THE TASK
I would like every record below transcribed exactly as it is.
___ INPUT FOR THIS TASK ___
(* Let $M \geq 1$ and let $f \colon (\mathbb{W},d_{\mathrm{par}}) \to (\mathbb{H},d)$ be an $M$-bilipschitz map. For any $\epsilon \in (0,1]$ and $C \geq 1$ there exists a constant $C' = C'(C,\epsilon,M)$ such that $$\sum_{Q \in \mathcal{B}(C,\epsilon),\ Q \subset Q_{0}} \ell(Q)^{3} \leq C'\ell(Q_{0})^{3} \quad \text{for all } Q_{0} \in \mathcal{D},$$ where $\mathcal{B}(C,\epsilon) = \{Q \in \mathcal{D} : \rho_{f}(CQ) \geq \epsilon\}$.
   Context: $\mathbb{H}$ is $\mathbb{R}^{3}$ with group law $(x_{1},y_{1},t_{1}) \cdot (x_{2},y_{2},t_{2}) = (x_{1}+x_{2},y_{1}+y_{2},t_{1}+t_{2}+\tfrac{1}{2}(x_{1}y_{2}-x_{2}y_{1}))$, metric $d(p,q) = \|q^{-1}\cdot p\|$ with $\|(x,y,t)\| = \max\{\sqrt{x^{2}+y^{2}},\sqrt{|t|}\}$, and $N(E,\delta) = \{p : \operatorname{dist}(p,E) \leq \delta\}$. A horizontal line in $\mathbb{H}$ is a set $p \cdot \{(sa,sb,0) : s \in \mathbb{R}\}$ with $p \in \mathbb{H}$, $(a,b) \neq 0$. $\mathbb{W}$ is $\mathbb{R}^{2}$ with $d_{\mathrm{par}}((y,t),(\xi,\tau)) = \max\{|y-\xi|,|t-\tau|^{1/2}\}$; horizontal lines in $\mathbb{W}$ are the sets $\mathbb{R} \times \{t\}$; $B(w,r)$ is the closed $d_{\mathrm{par}}$-ball. The ruler coefficient $\rho_{f}(B(w,r))$ is the infimum of $\rho > 0$ such that for every horizontal line $\ell \subset \mathbb{W}$ there is a horizontal line $L \subset \mathbb{H}$ with $f(\ell \cap B(w,r)) \subset N(L,\rho r)$. $\mathcal{D}$ is the family of dyadic parabolic rectangles $Q = [k2^{-n},(k+1)2^{-n}) \times [l4^{-n},(l+1)4^{-n})$, $\ell(Q) = 2^{-n}$, $c_{Q}$ its centre, and $CQ := B(c_{Q},C\ell(Q))$. *)

theory Defs
  imports "HOL-Analysis.Analysis"
begin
___
RESULT OF THE TASK
(* Let $M \geq 1$ and let $f \colon (\mathbb{W},d_{\mathrm{par}}) \to (\mathbb{H},d)$ be an $M$-bilipschitz map. For any $\epsilon \in (0,1]$ and $C \geq 1$ there exists a constant $C' = C'(C,\epsilon,M)$ such that $$\sum_{Q \in \mathcal{B}(C,\epsilon),\ Q \subset Q_{0}} \ell(Q)^{3} \leq C'\ell(Q_{0})^{3} \quad \text{for all } Q_{0} \in \mathcal{D},$$ where $\mathcal{B}(C,\epsilon) = \{Q \in \mathcal{D} : \rho_{f}(CQ) \geq \epsilon\}$.
   Context: $\mathbb{H}$ is $\mathbb{R}^{3}$ with group law $(x_{1},y_{1},t_{1}) \cdot (x_{2},y_{2},t_{2}) = (x_{1}+x_{2},y_{1}+y_{2},t_{1}+t_{2}+\tfrac{1}{2}(x_{1}y_{2}-x_{2}y_{1}))$, metric $d(p,q) = \|q^{-1}\cdot p\|$ with $\|(x,y,t)\| = \max\{\sqrt{x^{2}+y^{2}},\sqrt{|t|}\}$, and $N(E,\delta) = \{p : \operatorname{dist}(p,E) \leq \delta\}$. A horizontal line in $\mathbb{H}$ is a set $p \cdot \{(sa,sb,0) : s \in \mathbb{R}\}$ with $p \in \mathbb{H}$, $(a,b) \neq 0$. $\mathbb{W}$ is $\mathbb{R}^{2}$ with $d_{\mathrm{par}}((y,t),(\xi,\tau)) = \max\{|y-\xi|,|t-\tau|^{1/2}\}$; horizontal lines in $\mathbb{W}$ are the sets $\mathbb{R} \times \{t\}$; $B(w,r)$ is the closed $d_{\mathrm{par}}$-ball. The ruler coefficient $\rho_{f}(B(w,r))$ is the infimum of $\rho > 0$ such that for every horizontal line $\ell \subset \mathbb{W}$ there is a horizontal line $L \subset \mathbb{H}$ with $f(\ell \cap B(w,r)) \subset N(L,\rho r)$. $\mathcal{D}$ is the family of dyadic parabolic rectangles $Q = [k2^{-n},(k+1)2^{-n}) \times [l4^{-n},(l+1)4^{-n})$, $\ell(Q) = 2^{-n}$, $c_{Q}$ its centre, and $CQ := B(c_{Q},C\ell(Q))$. *)

theory Defs
  imports "HOL-Analysis.Analysis"
begin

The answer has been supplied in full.